Karen W. Ponder: New Village Workshop

Wednesday was a New Village workshop at the Continuing Education Classroom! Karen W. Ponder from North Carolina was the speaker in Yreka, and a large number of us gathered to hear her message by teleconferencing means in Happy Camp. The topic of conversation was Family Agencies and Communities working together to support children impacted by trauma. With the Connecticut shootings in our recent memory, this seemed to be particularly relevant. Thankfully we have no such trauma wounding our Happy Camp youngsters but there are other trauma’s that effect children here.

The most amazing thing about Karen’s discussion is her view of child development or more specifically person development. Maybe no elementary school professionals actually participated in this session, but some had feared that it would only be applicable to elementary school children. It was refreshing that Karen’s view of child development is all inclusive of person development. There were kinship adopters or foster families, Head start teachers and preschool organizations, the School Nursing staff for school students, and others who deal with a wider view of the term “children.”

We child development starting with birth to eighteen months, no surprise. During each stage in life it is vital that a person have the necessities of survival, which is air to breathe, food and water, and love and nurture is an obvious need at the early stages of life. Studies have shown that a child deprived of loving attention may not survive even if all of his physical necessities are provided. It is vital that a child in infancy and even prenatal learn a sense of trust when caregivers provide reliable care and affection. Deprived of stable care, a child may mistrust and feel stressed even at a very early age. Safe, secure loving relationships can affect a child the rest of his or her life.

Then we went to early childhood, the 2 & 3 year olds, and preschoolers 4 & 5 year olds. The preschooler is mastering the world, exploring physics and all the things of the world around him or her. Children who have experienced toxic stress in their lives need loving support to overcome the affects of this in their lives.

After that comes the elementary school years of 6 to 11 years. In school a child needs to cope with new social and academic demands and begins to feel more competence but if he doesn’t’ have the loving support from previous stages in life, feels failure and inferiority. Children are concrete reasoning stage to third grade and much is dependent upon executive functioning before they can go on to learn academics.

Adolescence is a person from 12 to 18 or graduation from high school. In the teen or adolescent years, a child develops a sense of self and personal identity and then the ability to stay true to one’s self comes from success in these years. Failure to have the loving support to do this successfully can cause a person to have role confusion and a weak sense of self.

Young adulthood is from graduation to somewhere between 24 and 40 years of age, depending! Even young adults need to form loving supportive relationships with other people, and they are still developing brain maturity and need support, as failure results in loneliness and isolation. Everyone asks what they want to be when they grow up which causes stresses and they may be attracted to things different than in previous stages. They need to be able to see themselves and their gifts through others eyes because when they leave high school they need a plan. It is a bridge to adulthood and with all the radical changes in life, sometimes seems like having a 2 year old again! Parental support and love and patient are just as important as for the little child and they still need loving guidance. When less lovable, they need more love and support.

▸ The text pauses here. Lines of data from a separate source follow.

(* Let $K$ be a convex subset of a Hilbert space $H$ whose linear span is closed, let $0=t_0<\dots<t_N=1$ and $x_0,\dots,x_N\in K$. If the solution $\gamma_K$ of problem $(\mathrm E_K)$ satisfies that $\gamma_K(t)$ lies in the relative interior of $K$ for all $t\in[0,1]$, then $\gamma_K=\gamma_H$, the solution of $(\mathrm E_H)$.
   Context: For a convex subset $K$ of a Hilbert space, problem $(\mathrm E_K)$ is: minimize $E[\gamma]=\int_0^1\|\ddot\gamma(t)\|^2\,dt$ over twice differentiable curves $\gamma:[0,1]\to K$ subject to $\gamma(t_i)=x_i$ for all $i$. By strict convexity of $E$ on admissible curves, the minimizer is unique when it exists, and is denoted $\gamma_K$. *)

theory Defs
  imports "HOL-Analysis.Analysis"
begin

definition twice_diff_on01 :: "(real \<Rightarrow> 'a::real_normed_vector) \<Rightarrow> bool" where
  "twice_diff_on01 \<gamma> \<longleftrightarrow>
     (\<exists>\<gamma>' \<gamma>''. \<forall>t\<in>{0..1}.
        (\<gamma> has_vector_derivative \<gamma>' t) (at t within {0..1}) \<and>
        (\<gamma>' has_vector_derivative \<gamma>'' t) (at t within {0..1}))"

definition second_deriv01 :: "(real \<Rightarrow> 'a::real_normed_vector) \<Rightarrow> real \<Rightarrow> 'a" where
  "second_deriv01 \<gamma> t =
     vector_derivative (\<lambda>s. vector_derivative \<gamma> (at s within {0..1})) (at t within {0..1})"

definition energy_density :: "(real \<Rightarrow> 'a::real_normed_vector) \<Rightarrow> real \<Rightarrow> real" where
  "energy_density \<gamma> t = (norm (second_deriv01 \<gamma> t))\<^sup>2"

definition energy :: "(real \<Rightarrow> 'a::real_normed_vector) \<Rightarrow> real" where
  "energy \<gamma> = integral {0..1} (energy_density \<gamma>)"

definition admissible ::
  "'a::real_normed_vector set \<Rightarrow> nat \<Rightarrow> (nat \<Rightarrow> real) \<Rightarrow> (nat \<Rightarrow> 'a) \<Rightarrow> (real \<Rightarrow> 'a) \<Rightarrow> bool" where
  "admissible K N t x \<gamma> \<longleftrightarrow>
     twice_diff_on01 \<gamma> \<and> (\<forall>s\<in>{0..1}. \<gamma> s \<in> K) \<and> (\<forall>i\<le>N. \<gamma> (t i) = x i) \<and>
     energy_density \<gamma> integrable_on {0..1}"

definition solves_E ::
  "'a::real_normed_vector set \<Rightarrow> nat \<Rightarrow> (nat \<Rightarrow> real) \<Rightarrow> (nat \<Rightarrow> 'a) \<Rightarrow> (real \<Rightarrow> 'a) \<Rightarrow> bool" where
  "solves_E K N t x \<gamma> \<longleftrightarrow>
     admissible K N t x \<gamma> \<and> (\<forall>\<delta>. admissible K N t x \<delta> \<longrightarrow> energy \<gamma> \<le> energy \<delta>)"

end

theory Submission
  imports Defs
begin

text \<open>Let \<open>\<delta>\<close> be any admissible curve in \<open>H\<close>. Orthogonal projection onto the finite-dimensional
  affine span of the data turns \<open>\<delta>\<close> into a curve \<open>P\<close> that still interpolates, lies in the affine
  hull of \<open>K\<close>, and has energy at most \<open>E[\<delta>]\<close>, because the projection is a linear contraction
  and commutes with differentiation. Since \<open>\<gamma>\<^sub>K([0,1])\<close> is a compact subset of the relative
  interior of \<open>K\<close>, the curve \<open>(1 - \<epsilon>) \<gamma>\<^sub>K + \<epsilon> P\<close> stays in \<open>K\<close> for small \<open>\<epsilon> > 0\<close>.
  Minimality of \<open>\<gamma>\<^sub>K\<close> and convexity of \<open>E\<close> then give
  \<open>E[\<gamma>\<^sub>K] \<le> (1 - \<epsilon>) E[\<gamma>\<^sub>K] + \<epsilon> E[P]\<close>, hence \<open>E[\<gamma>\<^sub>K] \<le> E[P] \<le> E[\<delta>]\<close>.\<close>

definition finite_orthonormal :: "'a::real_inner set \<Rightarrow> bool" where
  "finite_orthonormal E \<longleftrightarrow> finite E \<and> (\<forall>e\<in>E. norm e = 1) \<and> pairwise orthogonal E"

definition orth_proj :: "'a::real_inner set \<Rightarrow> 'a \<Rightarrow> 'a" where
  "orth_proj E y = (\<Sum>e\<in>E. (e \<bullet> y) *\<^sub>R e)"

lemma bounded_linear_orth_proj: "bounded_linear (orth_proj E)"
  unfolding orth_proj_def
  by (intro bounded_linear_sum bounded_linear_scaleR_left
      bounded_linear_compose[OF bounded_linear_scaleR_left] bounded_linear_inner_right)

lemma orth_proj_in_span: "orth_proj E y \<in> span E"
  unfolding orth_proj_def by (intro span_sum span_scale span_base)

lemma inner_orth_proj: "a \<bullet> orth_proj E y = (\<Sum>e\<in>E. (e \<bullet> y) * (e \<bullet> a))"
  by (simp add: orth_proj_def inner_sum_right inner_commute)

lemma inner_orth_proj_basis:
  assumes "finite_orthonormal E" "e \<in> E"
  shows "e \<bullet> orth_proj E y = e \<bullet> y"
proof -
  have "e \<bullet> orth_proj E y = (\<Sum>f\<in>E. if f = e then e \<bullet> y else 0)"
    unfolding inner_orth_proj using assms
    by (intro sum.cong) (auto simp: finite_orthonormal_def pairwise_def orthogonal_def
        inner_commute norm_eq_1)
  then show ?thesis using assms by (simp add: finite_orthonormal_def)
qed

lemma orth_proj_orthogonal:
  assumes "finite_orthonormal E" "v \<in> span E"
  shows "orthogonal v (y - orth_proj E y)"
proof -
  have "orthogonal e (y - orth_proj E y)" if "e \<in> E" for e
    by (simp add: orthogonal_def inner_diff_right inner_orth_proj_basis[OF assms(1) that])
  then show ?thesis
    by (metis orthogonal_commute orthogonal_to_span[OF assms(2)])
qed

lemma orth_proj_id:
  assumes "finite_orthonormal E" "v \<in> span E"
  shows "orth_proj E v = v"
proof -
  have "v - orth_proj E v \<in> span E"
    using assms(2) orth_proj_in_span by (rule span_diff)
  then have "orthogonal (v - orth_proj E v) (v - orth_proj E v)"
    by (rule orth_proj_orthogonal[OF assms(1)])
  then show ?thesis by (simp add: orthogonal_def)
qed

lemma norm_orth_proj_le:
  assumes "finite_orthonormal E"
  shows "norm (orth_proj E y) \<le> norm y"
proof -
  have "orthogonal (orth_proj E y) (y - orth_proj E y)"
    by (rule orth_proj_orthogonal[OF assms orth_proj_in_span])
  then have "(norm y)\<^sup>2 = (norm (orth_proj E y))\<^sup>2 + (norm (y - orth_proj E y))\<^sup>2"
    using norm_add_Pythagorean[of "orth_proj E y" "y - orth_proj E y"] by simp
  then show ?thesis by (metis le_add_same_cancel1 power2_le_imp_le zero_le_power2 norm_ge_zero)
qed

lemma norm_orth_proj_sq:
  assumes "finite_orthonormal E"
  shows "(norm (orth_proj E y))\<^sup>2 = (\<Sum>e\<in>E. (e \<bullet> y)\<^sup>2)"
proof -
  have "(norm (orth_proj E y))\<^sup>2 = orth_proj E y \<bullet> y"
    using orth_proj_orthogonal[OF assms orth_proj_in_span, of y]
    by (simp add: orthogonal_def inner_diff_right power2_norm_eq_inner)
  then show ?thesis by (simp add: inner_commute inner_orth_proj power2_eq_square)
qed

lemma finite_orthonormal_span_exists:
  fixes S :: "'a::real_inner set"
  assumes "finite S"
  obtains E where "finite_orthonormal E" "span E = span S"
  using assms
proof (induction arbitrary: thesis)
  case empty
  show ?case using empty.prems[of "{}"] by (simp add: finite_orthonormal_def)
next
  case (insert a S)
  obtain E where E: "finite_orthonormal E" "span E = span S"
    using insert.IH by blast
  define w where "w = a - orth_proj E a"
  have "a - w \<in> span E"
    by (simp add: w_def orth_proj_in_span)
  then have span_w: "span (insert w E) = span (insert a S)"
    using E(2) eq_span_insert_eq[of a w E] by (simp add: span_insert)
  show ?case
  proof (cases "w = 0")
    case True
    then show ?thesis
      using insert.prems[OF E(1)] span_w E(2) by simp
  next
    case False
    define u where "u = w /\<^sub>R norm w"
    have "orthogonal e w" if "e \<in> E" for e
      using inner_orth_proj_basis[OF E(1) that]
      by (simp add: w_def orthogonal_def inner_diff_right)
    then have "finite_orthonormal (insert u E)"
      using E(1) False
      by (auto simp: finite_orthonormal_def u_def pairwise_insert orthogonal_commute
          orthogonal_clauses)
    moreover have "span (insert u E) = span (insert w E)"
    proof -
      have "w = norm w *\<^sub>R u" "u = inverse (norm w) *\<^sub>R w"
        using False by (simp_all add: u_def)
      then show ?thesis
        unfolding span_eq by (metis insert_subset span_scale span_superset)
    qed
    ultimately show ?thesis
      using insert.prems span_w by simp
  qed
qed

definition has_second_deriv01 :: "(real \<Rightarrow> 'a::real_normed_vector) \<Rightarrow> (real \<Rightarrow> 'a) \<Rightarrow> bool" where
  "has_second_deriv01 \<gamma> \<gamma>'' \<longleftrightarrow> (\<exists>\<gamma>'. \<forall>t\<in>{0..1}.
      (\<gamma> has_vector_derivative \<gamma>' t) (at t within {0..1}) \<and>
      (\<gamma>' has_vector_derivative \<gamma>'' t) (at t within {0..1}))"

lemma vector_derivative_within_01:
  "(f has_vector_derivative f') (at t within {0..1}) \<Longrightarrow> t \<in> {0..1::real} \<Longrightarrow>
    vector_derivative f (at t within {0..1}) = f'"
  using vector_derivative_within_cbox[of 0 1 t f f'] by simp

lemma second_deriv01_eq:
  assumes "has_second_deriv01 \<gamma> \<gamma>''" "t \<in> {0..1}"
  shows "second_deriv01 \<gamma> t = \<gamma>'' t"
proof -
  obtain \<gamma>' where \<gamma>': "\<forall>t\<in>{0..1}. (\<gamma> has_vector_derivative \<gamma>' t) (at t within {0..1}) \<and>
      (\<gamma>' has_vector_derivative \<gamma>'' t) (at t within {0..1})"
    using assms(1) unfolding has_second_deriv01_def by blast
  have "((\<lambda>s. vector_derivative \<gamma> (at s within {0..1})) has_vector_derivative \<gamma>'' t)
      (at t within {0..1})"
  proof (rule has_vector_derivative_transform[OF assms(2)])
    show "(\<gamma>' has_vector_derivative \<gamma>'' t) (at t within {0..1})"
      using \<gamma>' assms(2) by blast
    show "vector_derivative \<gamma> (at s within {0..1}) = \<gamma>' s" if "s \<in> {0..1}" for s
      using \<gamma>' that by (blast intro: vector_derivative_within_01)
  qed
  then show ?thesis
    unfolding second_deriv01_def using assms(2) by (rule vector_derivative_within_01)
qed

Middle adulthood being then 25 to 64 and maturity from 65 to end of life. During middle adulthood people need to create or nurture things that will outlast themselves, to have a successful feeling of usefulness and accomplishment . Without this a person has a shallow involvement in the world and can’t receive or give the necessary support that all persons need in the world. Older adults in maturity need to look back on their life and feel as sense of fulfillment. A person may be very accomplished by some standards, financially secure and yet, without the sense of fulfillment may result in regret, bitterness and despair. Karen admitted that she doesn’t “get” retirement. She is doing what she loves as a consultant and calls it retirement, and loves the grandchildren that come with this stage of life!
Isn’t it amazing that stress even at the earliest prenatal level can carry though each stage in a person’s life and that is why the family, community resources must build on the stage before it to be successful. Each stage builds upon the stage before and if it wasn’t successfully accomplished, will show up later as problems in life. If people have unmet needs, they can’t get close and miss the intimacy of human relationship. A stage that has been interrupted and not successfully completed needs to be remedied.

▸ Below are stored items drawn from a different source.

lemma FCRS_free_product:
  assumes M1: "monoid M1" and M2: "monoid M2" and "FCRS M1" "FCRS M2"
  shows "FCRS (free_product M1 M2)"
proof -
  obtain B1 :: "nat set" and S1 f1 where B1: "finite B1" "finite S1" "S1 \<subseteq> lists B1 \<times> lists B1"
      "complete_rs B1 S1" "presentation M1 B1 S1 f1"
    using \<open>FCRS M1\<close> unfolding FCRS_iff_presentation[OF M1] by blast
  obtain B2 :: "nat set" and S2 f2 where B2: "finite B2" "finite S2" "S2 \<subseteq> lists B2 \<times> lists B2"
      "complete_rs B2 S2" "presentation M2 B2 S2 f2"
    using \<open>FCRS M2\<close> unfolding FCRS_iff_presentation[OF M2] by blast
  define BB where "BB i = (if i = 0 then B1 else B2)" for i :: nat
  define SS where "SS i = (if i = 0 then S1 else S2)" for i :: nat
  interpret tagged_union BB SS
    using B1 B2 by unfold_locales (auto simp: BB_def SS_def)
  have "finite (tagged_alphabet BB)" "finite (tagged_rules SS)"
    using B1 B2 by (simp_all add: tagged_alphabet_eq tagged_rules_eq BB_def SS_def)
  moreover have "tagged_rules SS \<subseteq> lists (tagged_alphabet BB) \<times> lists (tagged_alphabet BB)"
    using tagged_rules_lists by auto
  moreover have "presentation (free_product M1 M2) (tagged_alphabet BB) (tagged_rules SS)
      (tagged_gen M1 M2 f1 f2)"
    using presentation_free_product[OF M1 M2] B1(5) B2(5) by (simp add: BB_def SS_def)
  ultimately show ?thesis
    unfolding FCRS_iff_presentation[OF monoid_free_product] using complete_tagged by blast
qed

theorem corollary4p3:
  fixes M1 :: "('a, 'e1) monoid_scheme" and M2 :: "('b, 'e2) monoid_scheme"
  assumes "monoid M1" and "monoid M2"
    and "homogeneous_monoid M1" and "homogeneous_monoid M2"
  shows "FCRS (free_product M1 M2) \<longleftrightarrow> FCRS M1 \<and> FCRS M2"
proof
  assume FCRS12: "FCRS (free_product M1 M2)"
  have "FCRS (free_product M2 M1)"
    by (rule FCRS_iso[OF monoid_free_product free_product_commute[OF assms(1,2)] FCRS12])
  with FCRS12 show "FCRS M1 \<and> FCRS M2"
    using FCRS_free_product_factor[OF assms(1,2,4)] FCRS_free_product_factor[OF assms(2,1,3)] by blast
next
  assume "FCRS M1 \<and> FCRS M2"
  then show "FCRS (free_product M1 M2)"
    using FCRS_free_product[OF assms(1,2)] by blast
qed

end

Karen mentioned that seeing a very little child laying crying in a hard metal shopping cart while her mother ignored her cries intent on shopping and visiting and distracted by many things. It was mentioned that the mother probably hadn’t had her needs met at that earlier stage and didn’t relate, and needed loving support to see the direction so that the generational problem was not to be perpetuated. Children must have limits, adults must set secure and appropriate limits for the child. Don’t reward bad behavior and show a united front before children, giving them security rather than inconsistency.

Thanks to Karen Derry of the Family Resource Center and Emma Lee Johnson of the Computer Center as well as others from College of the Siskiyous, Head Start and Early Five Programs and Behavioral Health and Health agencies that sponsored this workshop and made it possible. It was very interesting and wished that some discussions could have gone on to further exploration but we only had the one day to accomplish what was covered, and it was great!